>>>>>

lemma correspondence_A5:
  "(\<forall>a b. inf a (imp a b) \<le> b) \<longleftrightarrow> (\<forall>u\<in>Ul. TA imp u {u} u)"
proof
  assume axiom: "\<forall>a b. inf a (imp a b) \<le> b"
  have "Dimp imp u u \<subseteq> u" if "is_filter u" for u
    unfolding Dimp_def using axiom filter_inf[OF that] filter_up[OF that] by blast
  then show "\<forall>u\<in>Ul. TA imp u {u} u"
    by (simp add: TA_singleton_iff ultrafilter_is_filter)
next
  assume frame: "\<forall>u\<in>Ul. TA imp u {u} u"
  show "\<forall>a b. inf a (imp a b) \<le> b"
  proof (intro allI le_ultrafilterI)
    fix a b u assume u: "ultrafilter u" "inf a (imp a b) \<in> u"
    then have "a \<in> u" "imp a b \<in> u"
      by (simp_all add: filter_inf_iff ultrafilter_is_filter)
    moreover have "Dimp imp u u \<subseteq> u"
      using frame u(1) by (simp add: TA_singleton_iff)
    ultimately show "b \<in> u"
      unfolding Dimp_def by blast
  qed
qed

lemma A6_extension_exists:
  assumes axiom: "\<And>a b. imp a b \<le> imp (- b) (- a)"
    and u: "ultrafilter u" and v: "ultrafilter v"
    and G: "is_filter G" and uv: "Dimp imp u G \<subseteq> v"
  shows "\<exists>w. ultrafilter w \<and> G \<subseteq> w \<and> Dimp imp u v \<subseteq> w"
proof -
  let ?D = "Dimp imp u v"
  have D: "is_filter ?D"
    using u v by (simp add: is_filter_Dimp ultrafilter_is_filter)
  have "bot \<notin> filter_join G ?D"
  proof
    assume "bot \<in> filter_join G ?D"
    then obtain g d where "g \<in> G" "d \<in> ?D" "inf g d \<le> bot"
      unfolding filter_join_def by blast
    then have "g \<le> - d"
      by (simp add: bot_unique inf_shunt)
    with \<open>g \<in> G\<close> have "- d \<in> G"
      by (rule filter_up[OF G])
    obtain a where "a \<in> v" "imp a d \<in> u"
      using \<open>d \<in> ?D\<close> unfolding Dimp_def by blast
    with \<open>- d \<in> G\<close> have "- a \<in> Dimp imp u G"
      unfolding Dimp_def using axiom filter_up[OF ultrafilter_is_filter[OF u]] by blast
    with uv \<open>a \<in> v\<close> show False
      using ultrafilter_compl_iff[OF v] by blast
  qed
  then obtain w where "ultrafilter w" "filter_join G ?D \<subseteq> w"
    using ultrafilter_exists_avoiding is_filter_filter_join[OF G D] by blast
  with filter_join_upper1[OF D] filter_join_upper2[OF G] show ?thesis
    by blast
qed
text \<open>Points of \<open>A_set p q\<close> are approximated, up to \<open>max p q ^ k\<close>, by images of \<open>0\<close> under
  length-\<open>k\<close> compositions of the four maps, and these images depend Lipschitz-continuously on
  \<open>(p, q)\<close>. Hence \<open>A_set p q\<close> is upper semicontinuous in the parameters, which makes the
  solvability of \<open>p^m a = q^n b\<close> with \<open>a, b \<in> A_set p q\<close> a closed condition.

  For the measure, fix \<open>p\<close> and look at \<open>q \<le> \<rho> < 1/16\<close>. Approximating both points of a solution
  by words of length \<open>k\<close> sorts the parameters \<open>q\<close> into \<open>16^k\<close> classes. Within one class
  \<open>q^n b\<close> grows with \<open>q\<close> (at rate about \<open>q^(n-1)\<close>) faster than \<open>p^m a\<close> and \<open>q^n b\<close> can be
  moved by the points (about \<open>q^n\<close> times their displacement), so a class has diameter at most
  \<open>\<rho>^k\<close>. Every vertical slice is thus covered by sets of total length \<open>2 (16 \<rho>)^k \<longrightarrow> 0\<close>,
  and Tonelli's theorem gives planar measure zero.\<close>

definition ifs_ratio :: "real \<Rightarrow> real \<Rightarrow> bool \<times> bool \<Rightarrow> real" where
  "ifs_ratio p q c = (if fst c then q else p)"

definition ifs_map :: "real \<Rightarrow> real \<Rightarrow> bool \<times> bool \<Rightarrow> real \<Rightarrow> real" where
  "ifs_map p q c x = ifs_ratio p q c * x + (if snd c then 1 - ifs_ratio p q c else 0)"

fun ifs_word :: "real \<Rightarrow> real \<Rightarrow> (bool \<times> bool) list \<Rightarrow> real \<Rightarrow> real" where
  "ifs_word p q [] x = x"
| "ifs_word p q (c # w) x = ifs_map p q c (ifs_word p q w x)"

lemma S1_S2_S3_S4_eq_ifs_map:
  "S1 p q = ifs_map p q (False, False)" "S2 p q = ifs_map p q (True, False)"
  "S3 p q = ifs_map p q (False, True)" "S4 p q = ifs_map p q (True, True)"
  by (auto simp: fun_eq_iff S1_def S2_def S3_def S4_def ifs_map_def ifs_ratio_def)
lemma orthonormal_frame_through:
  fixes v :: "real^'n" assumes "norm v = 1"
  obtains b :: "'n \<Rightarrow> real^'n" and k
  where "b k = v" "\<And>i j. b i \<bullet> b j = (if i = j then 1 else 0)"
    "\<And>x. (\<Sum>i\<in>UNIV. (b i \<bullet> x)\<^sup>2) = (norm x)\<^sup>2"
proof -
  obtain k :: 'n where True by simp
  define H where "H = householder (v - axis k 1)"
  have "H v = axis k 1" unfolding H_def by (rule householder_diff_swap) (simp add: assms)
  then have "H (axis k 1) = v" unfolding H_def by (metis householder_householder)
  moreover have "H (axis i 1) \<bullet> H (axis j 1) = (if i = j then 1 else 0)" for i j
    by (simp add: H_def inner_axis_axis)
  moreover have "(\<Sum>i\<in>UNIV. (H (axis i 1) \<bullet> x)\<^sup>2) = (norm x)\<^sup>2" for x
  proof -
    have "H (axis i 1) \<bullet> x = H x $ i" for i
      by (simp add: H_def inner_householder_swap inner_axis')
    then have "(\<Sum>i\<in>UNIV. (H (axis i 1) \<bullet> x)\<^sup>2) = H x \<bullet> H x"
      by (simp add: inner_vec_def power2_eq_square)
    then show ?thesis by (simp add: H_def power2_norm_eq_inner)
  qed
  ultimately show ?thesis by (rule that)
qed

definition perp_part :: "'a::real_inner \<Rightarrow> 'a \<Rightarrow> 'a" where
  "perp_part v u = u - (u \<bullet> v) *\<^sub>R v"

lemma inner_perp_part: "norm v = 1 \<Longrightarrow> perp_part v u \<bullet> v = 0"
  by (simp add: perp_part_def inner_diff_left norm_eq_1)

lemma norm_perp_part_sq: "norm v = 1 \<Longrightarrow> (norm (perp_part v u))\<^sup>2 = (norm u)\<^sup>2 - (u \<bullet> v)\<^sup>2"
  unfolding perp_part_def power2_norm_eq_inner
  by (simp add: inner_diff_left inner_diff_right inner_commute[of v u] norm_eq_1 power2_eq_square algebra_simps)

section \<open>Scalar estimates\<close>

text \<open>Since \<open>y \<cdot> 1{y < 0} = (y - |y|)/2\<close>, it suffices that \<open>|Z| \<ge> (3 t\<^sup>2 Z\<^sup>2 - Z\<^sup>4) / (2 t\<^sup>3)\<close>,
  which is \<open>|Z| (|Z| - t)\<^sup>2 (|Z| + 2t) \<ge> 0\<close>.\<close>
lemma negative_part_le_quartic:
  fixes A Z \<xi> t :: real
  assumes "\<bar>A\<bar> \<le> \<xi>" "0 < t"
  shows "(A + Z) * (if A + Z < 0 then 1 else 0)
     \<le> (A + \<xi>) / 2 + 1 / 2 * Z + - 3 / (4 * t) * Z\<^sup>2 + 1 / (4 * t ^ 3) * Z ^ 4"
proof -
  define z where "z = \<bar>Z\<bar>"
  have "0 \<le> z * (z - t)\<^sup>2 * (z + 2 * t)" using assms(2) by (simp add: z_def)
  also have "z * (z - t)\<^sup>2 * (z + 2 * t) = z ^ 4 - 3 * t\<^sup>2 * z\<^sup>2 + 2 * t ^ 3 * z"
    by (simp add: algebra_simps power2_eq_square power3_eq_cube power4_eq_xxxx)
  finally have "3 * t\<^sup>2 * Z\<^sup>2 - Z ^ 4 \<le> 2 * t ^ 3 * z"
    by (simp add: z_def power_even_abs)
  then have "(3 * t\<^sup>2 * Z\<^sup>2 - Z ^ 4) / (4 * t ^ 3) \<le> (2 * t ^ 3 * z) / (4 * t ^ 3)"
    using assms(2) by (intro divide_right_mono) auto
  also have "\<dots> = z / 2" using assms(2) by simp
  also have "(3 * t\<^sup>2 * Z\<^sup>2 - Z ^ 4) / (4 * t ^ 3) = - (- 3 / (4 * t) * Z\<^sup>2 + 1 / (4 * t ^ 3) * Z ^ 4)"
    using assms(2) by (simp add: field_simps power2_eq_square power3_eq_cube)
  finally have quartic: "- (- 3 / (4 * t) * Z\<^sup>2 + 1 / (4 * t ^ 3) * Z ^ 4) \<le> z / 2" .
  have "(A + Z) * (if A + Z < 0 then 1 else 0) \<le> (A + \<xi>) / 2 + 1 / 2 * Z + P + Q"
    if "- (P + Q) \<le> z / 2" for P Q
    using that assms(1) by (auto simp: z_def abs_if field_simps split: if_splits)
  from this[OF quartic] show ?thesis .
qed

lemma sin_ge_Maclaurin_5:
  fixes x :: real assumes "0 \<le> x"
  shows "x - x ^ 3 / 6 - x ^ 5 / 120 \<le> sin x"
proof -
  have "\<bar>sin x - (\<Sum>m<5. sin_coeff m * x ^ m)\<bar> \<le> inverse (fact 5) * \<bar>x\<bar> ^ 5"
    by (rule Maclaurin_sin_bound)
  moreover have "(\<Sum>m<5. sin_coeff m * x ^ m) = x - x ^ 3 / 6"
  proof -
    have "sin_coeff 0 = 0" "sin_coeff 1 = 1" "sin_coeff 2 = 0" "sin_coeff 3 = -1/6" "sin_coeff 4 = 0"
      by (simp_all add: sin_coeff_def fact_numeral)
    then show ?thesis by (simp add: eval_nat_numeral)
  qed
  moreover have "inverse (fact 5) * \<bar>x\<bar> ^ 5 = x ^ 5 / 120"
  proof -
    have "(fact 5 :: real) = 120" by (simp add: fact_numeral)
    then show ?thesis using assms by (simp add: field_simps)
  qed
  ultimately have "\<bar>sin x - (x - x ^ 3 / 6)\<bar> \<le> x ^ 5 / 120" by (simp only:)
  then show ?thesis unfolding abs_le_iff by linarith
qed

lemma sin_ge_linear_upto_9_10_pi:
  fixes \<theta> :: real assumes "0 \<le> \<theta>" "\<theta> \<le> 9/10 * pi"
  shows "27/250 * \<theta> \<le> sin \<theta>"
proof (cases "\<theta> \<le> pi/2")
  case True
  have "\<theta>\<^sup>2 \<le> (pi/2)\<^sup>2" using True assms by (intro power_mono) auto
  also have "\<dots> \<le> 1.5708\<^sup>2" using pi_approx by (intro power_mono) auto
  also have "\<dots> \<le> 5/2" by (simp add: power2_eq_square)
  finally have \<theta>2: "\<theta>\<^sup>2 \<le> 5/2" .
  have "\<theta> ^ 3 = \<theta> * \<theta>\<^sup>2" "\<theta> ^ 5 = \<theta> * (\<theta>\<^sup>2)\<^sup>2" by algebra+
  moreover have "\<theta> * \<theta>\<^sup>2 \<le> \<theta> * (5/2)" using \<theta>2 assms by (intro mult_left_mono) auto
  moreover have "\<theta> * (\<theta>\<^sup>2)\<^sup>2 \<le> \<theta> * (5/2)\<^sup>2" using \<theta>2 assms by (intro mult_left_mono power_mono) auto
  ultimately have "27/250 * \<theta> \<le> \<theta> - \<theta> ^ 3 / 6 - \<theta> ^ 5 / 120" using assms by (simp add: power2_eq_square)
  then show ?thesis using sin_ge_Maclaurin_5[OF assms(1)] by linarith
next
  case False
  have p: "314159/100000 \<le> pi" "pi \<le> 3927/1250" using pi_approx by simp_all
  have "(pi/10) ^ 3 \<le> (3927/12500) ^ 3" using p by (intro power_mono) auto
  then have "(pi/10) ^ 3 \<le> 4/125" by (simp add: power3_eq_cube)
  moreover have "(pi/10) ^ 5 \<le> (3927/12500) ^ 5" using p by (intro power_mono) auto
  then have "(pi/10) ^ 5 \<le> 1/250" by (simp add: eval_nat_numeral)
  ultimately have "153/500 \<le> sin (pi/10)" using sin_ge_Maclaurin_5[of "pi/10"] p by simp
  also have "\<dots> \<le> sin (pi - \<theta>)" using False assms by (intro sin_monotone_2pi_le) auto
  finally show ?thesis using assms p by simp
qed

<<<<<

WORK REQUEST:
Set down the lines above exactly as written. Begin at the line containing "(intro sin_monotone_2pi_le) auto" and stop after the last line.

ANSWER SPACE:
  also have "\<dots> \<le> sin (pi - \<theta>)" using False assms by (intro sin_monotone_2pi_le) auto
  finally show ?thesis using assms p by simp
qed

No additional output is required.